Description
Pandas version checks
-
I have checked that this issue has not already been reported.
-
I have confirmed this bug exists on the latest version of pandas.
-
I have confirmed this bug exists on the main branch of pandas.
Reproducible Example
import scipy
import pandas as pd
coo = scipy.sparse.coo_matrix([[False,True],[True,False]])
pd.DataFrame.sparse.from_spmatrix(coo) # results in FutureWarning
coo = scipy.sparse.coo_matrix([[0,1],[1,0]])

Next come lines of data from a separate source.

(* Let $p,q\in\mathbb{H}^2$ with $\mathbb{H}^2=p\mathbb{H}\oplus q\mathbb{H}$, let $S$ be the round two-sphere $\{[px+q]:x\in\mathbb{C}\}\cup\{[p]\}\cong\mathbb{C}\cup\{\infty\}$, so that the circle through $[p],[q],[r]$, $r=p+q$, is $\{[px+q]:x\in\mathbb{R}\}\cup\{[p]\}$. Let $C_r=\mathbb{P}(\mathrm{span}\{p\wedge pj,q\wedge qj,r\wedge rj\})\cap Q^4$. Then every point of $C_r$ corresponds either to a point of this circle (including $\infty=[p]$), or to a two-sphere in $\mathbb{HP}^1$ which half-touches $S$ (in these coordinates) at a pair of points $z,\bar z$ of $\mathbb{C}$, i.e. at $[pz+q]$ and $[p\bar z+q]$.
   Context: $\mathbb{H}$ denotes the quaternions, $\mathbb{C}=\mathrm{span}_{\mathbb{R}}\{1,i\}$, $zj=j\bar z$ for $z\in\mathbb{C}$; $\mathbb{H}^2$ is a right $\mathbb{H}$-vector space identified with $\mathbb{C}^4$; $\mathbb{HP}^1=\{v\mathbb{H}\}\cong S^4$; $\mathbb{CP}^3=\mathbb{P}(\mathbb{C}^4)$; the twistor fibre over $v\mathbb{H}$ is the line through $[v],[vj]$. $Q^4=\{[\alpha]\in\mathbb{P}(\Lambda^2\mathbb{C}^4):\alpha\wedge\alpha=0\}$, $[v\wedge w]$ identified with the line through $[v],[w]$. The antilinear extension of $v\wedge w\mapsto vj\wedge wj$ gives a real structure $j$ on $Q^4$ whose real points $[v\wedge vj]$ are identified with points $v\mathbb{H}$ of $S^4$; a non-real point is the twistor lift of a round two-sphere with conformal structure (its image under $v\mathbb{C}\mapsto v\mathbb{H}$). The twistor lift of $S$ (with the conformal structure in which $x\in\mathbb{C}$ is a holomorphic coordinate) is the line through $[p],[q]$. A null line is a projective line contained in $Q^4$; two distinct two-spheres half-touch if they span a null line containing no real point; they then meet in exactly two points of $S^4$, at which they are said to half-touch. *)

theory Defs
  imports "HOL-Analysis.Analysis"
begin

text \<open>A quaternion is written a + j b with a, b complex, so that right
multiplication by a complex number z is (a,b) -> (a z, b z) (complex linear).
H^2 is thus identified with C^4 via (a1 + j b1, a2 + j b2) -> (a1,b1,a2,b2),
right multiplication by complex scalars is the usual complex scalar
multiplication, and right multiplication by j is the antilinear map
(a1,b1,a2,b2) -> (-cnj b1, cnj a1, -cnj b2, cnj a2).
Bivectors in Lambda^2 C^4 are represented as antisymmetric 4x4 complex
matrices, v wedge w = v w^T - w v^T.\<close>

type_synonym cvec = "complex ^ 4"
type_synonym bivec = "complex ^ 4 ^ 4"

definition jperm :: "4 \<Rightarrow> 4" where
  "jperm i = (if i = 1 then 2 else if i = 2 then 1 else if i = 3 then 4 else 3)"

definition jsgn :: "4 \<Rightarrow> complex" where
  "jsgn i = (if i = 1 \<or> i = 3 then -1 else 1)"

definition jv :: "cvec \<Rightarrow> cvec" where
  "jv v = (\<chi> i. jsgn i * cnj (v $ jperm i))"

text \<open>the quaternionic line vH, as a subset of C^4 (= C-span of v and vj)\<close>
definition hline :: "cvec \<Rightarrow> cvec set" where
  "hline v = {a *s v + b *s jv v | a b. True}"

definition wedge :: "cvec \<Rightarrow> cvec \<Rightarrow> bivec" where
  "wedge v w = (\<chi> i k. v $ i * w $ k - w $ i * v $ k)"

definition bsc :: "complex \<Rightarrow> bivec \<Rightarrow> bivec" where
  "bsc c A = (\<chi> i k. c * A $ i $ k)"

text \<open>alpha wedge alpha = 0 (Pfaffian), i.e. the Klein quadric condition\<close>
definition pf :: "bivec \<Rightarrow> complex" where
  "pf A = A $ 1 $ 2 * A $ 3 $ 4 - A $ 1 $ 3 * A $ 2 $ 4 + A $ 1 $ 4 * A $ 2 $ 3"

definition inQ :: "bivec \<Rightarrow> bool" where
  "inQ A \<longleftrightarrow> A \<noteq> 0 \<and> pf A = 0"

text \<open>the antilinear real structure: extension of v wedge w -> vj wedge wj\<close>
definition Jb :: "bivec \<Rightarrow> bivec" where
  "Jb A = (\<chi> i k. jsgn i * jsgn k * cnj (A $ jperm i $ jperm k))"

definition realpt :: "bivec \<Rightarrow> bool" where
  "realpt A \<longleftrightarrow> A \<noteq> 0 \<and> (\<exists>c. Jb A = bsc c A)"

definition distinct_pts :: "bivec \<Rightarrow> bivec \<Rightarrow> bool" where
  "distinct_pts A B \<longleftrightarrow> A \<noteq> 0 \<and> B \<noteq> 0 \<and> (\<forall>c. A \<noteq> bsc c B)"

definition null_line :: "bivec \<Rightarrow> bivec \<Rightarrow> bool" where
  "null_line A B \<longleftrightarrow> (\<forall>a b. pf (bsc a A + bsc b B) = 0)"

definition half_touch :: "bivec \<Rightarrow> bivec \<Rightarrow> bool" where
  "half_touch A B \<longleftrightarrow> inQ A \<and> inQ B \<and> \<not> realpt A \<and> \<not> realpt B \<and>
     distinct_pts A B \<and> null_line A B \<and>
     (\<forall>a b. bsc a A + bsc b B \<noteq> 0 \<longrightarrow> \<not> realpt (bsc a A + bsc b B))"

text \<open>the subset of HP^1 = S^4 (points given as quaternionic lines) that is the
image of the projective line in CP^3 corresponding to [A] in Q^4\<close>
definition sph :: "bivec \<Rightarrow> cvec set set" where
  "sph A = {hline v | v. v \<noteq> 0 \<and> (\<exists>w. A = wedge v w)}"

end

theory Submission
  imports Defs
begin

text \<open>Write P, Q, R for the real points p \<and> pj, q \<and> qj, r \<and> rj. Their mutual
pairings under the polarized Klein form all equal the volume of the complex frame
p, pj, q, qj, so A = aP + bQ + cR lies on Q^4 iff ab + bc + ca = 0. If c = 0, then A is a
multiple of P or of Q. Otherwise A = (b + c) u \<and> u'j with t = (a + c)/c, u = tp + q and
u' = conj(t) p + q; for real t this is the real point of the circle point [u]. For
non-real t, pairing A and p \<and> q with their images under the real structure shows
that they span a null line without real points. The twistor line of A contains u and
u'j, that of S contains u and u', so the two spheres meet exactly in the quaternionic
lines of u and u'.\<close>

lemma vec4_eq_iff: "(x::'a^4) = y \<longleftrightarrow> x$1 = y$1 \<and> x$2 = y$2 \<and> x$3 = y$3 \<and> x$4 = y$4"
  unfolding vec_eq_iff forall_4 ..

lemma jperm_simps: "jperm 1 = 2" "jperm 2 = 1" "jperm 3 = 4" "jperm 4 = 3"
  by (simp_all add: jperm_def)

lemma jsgn_simps: "jsgn 1 = -1" "jsgn 2 = 1" "jsgn 3 = -1" "jsgn 4 = 1"
  by (simp_all add: jsgn_def)

text \<open>The polarization of the Pfaffian: X \<and> Y = pf_polar X Y \<cdot> e1 \<and> e2 \<and> e3 \<and> e4.\<close>
definition pf_polar :: "bivec \<Rightarrow> bivec \<Rightarrow> complex" where
  "pf_polar X Y = X$1$2 * Y$3$4 + X$3$4 * Y$1$2 - X$1$3 * Y$2$4 - X$2$4 * Y$1$3
     + X$1$4 * Y$2$3 + X$2$3 * Y$1$4"

text \<open>The determinant of the matrix with columns a, b, c, d.\<close>
definition vol :: "cvec \<Rightarrow> cvec \<Rightarrow> cvec \<Rightarrow> cvec \<Rightarrow> complex" where
  "vol a b c d = pf_polar (wedge a b) (wedge c d)"

lemma pf_add: "pf (X + Y) = pf X + pf Y + pf_polar X Y"
  by (simp add: pf_def pf_polar_def algebra_simps)

lemma pf_bsc: "pf (bsc c X) = c\<^sup>2 * pf X"
  by (simp add: pf_def bsc_def algebra_simps power2_eq_square)

lemma pf_wedge: "pf (wedge v w) = 0"
  by (simp add: pf_def wedge_def algebra_simps)

lemma pf_polar_add_left: "pf_polar (X + Y) Z = pf_polar X Z + pf_polar Y Z"
  by (simp add: pf_polar_def algebra_simps)

lemma pf_polar_add_right: "pf_polar Z (X + Y) = pf_polar Z X + pf_polar Z Y"
  by (simp add: pf_polar_def algebra_simps)

lemma pf_polar_bsc_left: "pf_polar (bsc c X) Z = c * pf_polar X Z"
  by (simp add: pf_polar_def bsc_def algebra_simps)

lemma pf_polar_bsc_right: "pf_polar Z (bsc c X) = c * pf_polar Z X"
  by (simp add: pf_polar_def bsc_def algebra_simps)

lemma pf_polar_self: "pf_polar X X = 2 * pf X"
  by (simp add: pf_polar_def pf_def algebra_simps)

lemma wedge_add_left: "wedge (x + y) z = wedge x z + wedge y z"
  by (simp add: vec_eq_iff wedge_def algebra_simps)

lemma wedge_add_right: "wedge z (x + y) = wedge z x + wedge z y"
  by (simp add: vec_eq_iff wedge_def algebra_simps)

lemma wedge_scale_left: "wedge (c *s x) y = bsc c (wedge x y)"
  by (simp add: vec_eq_iff wedge_def bsc_def algebra_simps)

lemma wedge_scale_right: "wedge y (c *s x) = bsc c (wedge y x)"
  by (simp add: vec_eq_iff wedge_def bsc_def algebra_simps)

lemma wedge_zero: "wedge 0 x = 0" "wedge x 0 = 0"
  by (simp_all add: vec_eq_iff wedge_def)

lemma bsc_zero: "bsc 0 X = 0" "bsc c 0 = 0"
  by (simp_all add: vec_eq_iff bsc_def)

lemma bsc_one: "bsc 1 X = X"
  by (simp add: vec_eq_iff bsc_def)

lemma bsc_add: "bsc c (X + Y) = bsc c X + bsc c Y"
  by (simp add: vec_eq_iff bsc_def algebra_simps)

lemma bsc_bsc: "bsc c (bsc d X) = bsc (c * d) X"
  by (simp add: vec_eq_iff bsc_def)

lemma jv_add: "jv (x + y) = jv x + jv y"
  by (simp add: vec_eq_iff jv_def algebra_simps)

lemma jv_scale: "jv (c *s x) = cnj c *s jv x"
  by (simp add: vec_eq_iff jv_def)

lemma jv_jv: "jv (jv x) = - x"
  unfolding vec4_eq_iff jv_def by (simp add: jperm_simps jsgn_simps)

lemma jv_zero: "jv 0 = 0"
  by (simp add: vec_eq_iff jv_def)

lemma Jb_add: "Jb (X + Y) = Jb X + Jb Y"
  by (simp add: vec_eq_iff Jb_def algebra_simps)

lemma Jb_bsc: "Jb (bsc c X) = bsc (cnj c) (Jb X)"
  by (simp add: vec_eq_iff Jb_def bsc_def algebra_simps)

lemma Jb_wedge: "Jb (wedge v w) = wedge (jv v) (jv w)"
  by (simp add: vec_eq_iff Jb_def wedge_def jv_def algebra_simps)

lemma vol_add:
  "vol (x + y) b c d = vol x b c d + vol y b c d"
  "vol a (x + y) c d = vol a x c d + vol a y c d"
  "vol a b (x + y) d = vol a b x d + vol a b y d"
  "vol a b c (x + y) = vol a b c x + vol a b c y"
  by (simp_all add: vol_def wedge_add_left wedge_add_right pf_polar_add_left pf_polar_add_right)

lemma vol_scale:
  "vol (k *s x) b c d = k * vol x b c d"
  "vol a (k *s x) c d = k * vol a x c d"
  "vol a b (k *s x) d = k * vol a b x d"
  "vol a b c (k *s x) = k * vol a b c x"
  by (simp_all add: vol_def wedge_scale_left wedge_scale_right pf_polar_bsc_left pf_polar_bsc_right)

lemma vol_alternating:
  "vol x x c d = 0" "vol x b x d = 0" "vol x b c x = 0"
  "vol a x x d = 0" "vol a x c x = 0" "vol a b x x = 0"
  by (simp_all add: vol_def pf_polar_def wedge_def algebra_simps)

lemma vol_permute:
  "vol a b d c = - vol a b c d" "vol a c b d = - vol a b c d" "vol a c d b = vol a b c d"
  "vol a d b c = vol a b c d" "vol a d c b = - vol a b c d" "vol b a c d = - vol a b c d"
  "vol b a d c = vol a b c d" "vol b c a d = vol a b c d" "vol b c d a = - vol a b c d"
  "vol b d a c = - vol a b c d" "vol b d c a = vol a b c d" "vol c a b d = vol a b c d"
  "vol c a d b = - vol a b c d" "vol c b a d = - vol a b c d" "vol c b d a = vol a b c d"
  "vol c d a b = vol a b c d" "vol c d b a = - vol a b c d" "vol d a b c = - vol a b c d"
  "vol d a c b = vol a b c d" "vol d b a c = vol a b c d" "vol d b c a = - vol a b c d"
  "vol d c a b = - vol a b c d" "vol d c b a = vol a b c d"
  by (simp_all add: vol_def pf_polar_def wedge_def algebra_simps)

pd.DataFrame.sparse.from_spmatrix(coo) # no warnings
Issue Description
Attempting to use from_spmatrix() with a boolean-type scipy.sparse matrix raises a warning about arbitrary scalar fill_value:
FutureWarning: Allowing arbitrary scalar fill_value in SparseDtype is deprecated. In a future version, the fill_value must be a valid value for the SparseDtype.subtype.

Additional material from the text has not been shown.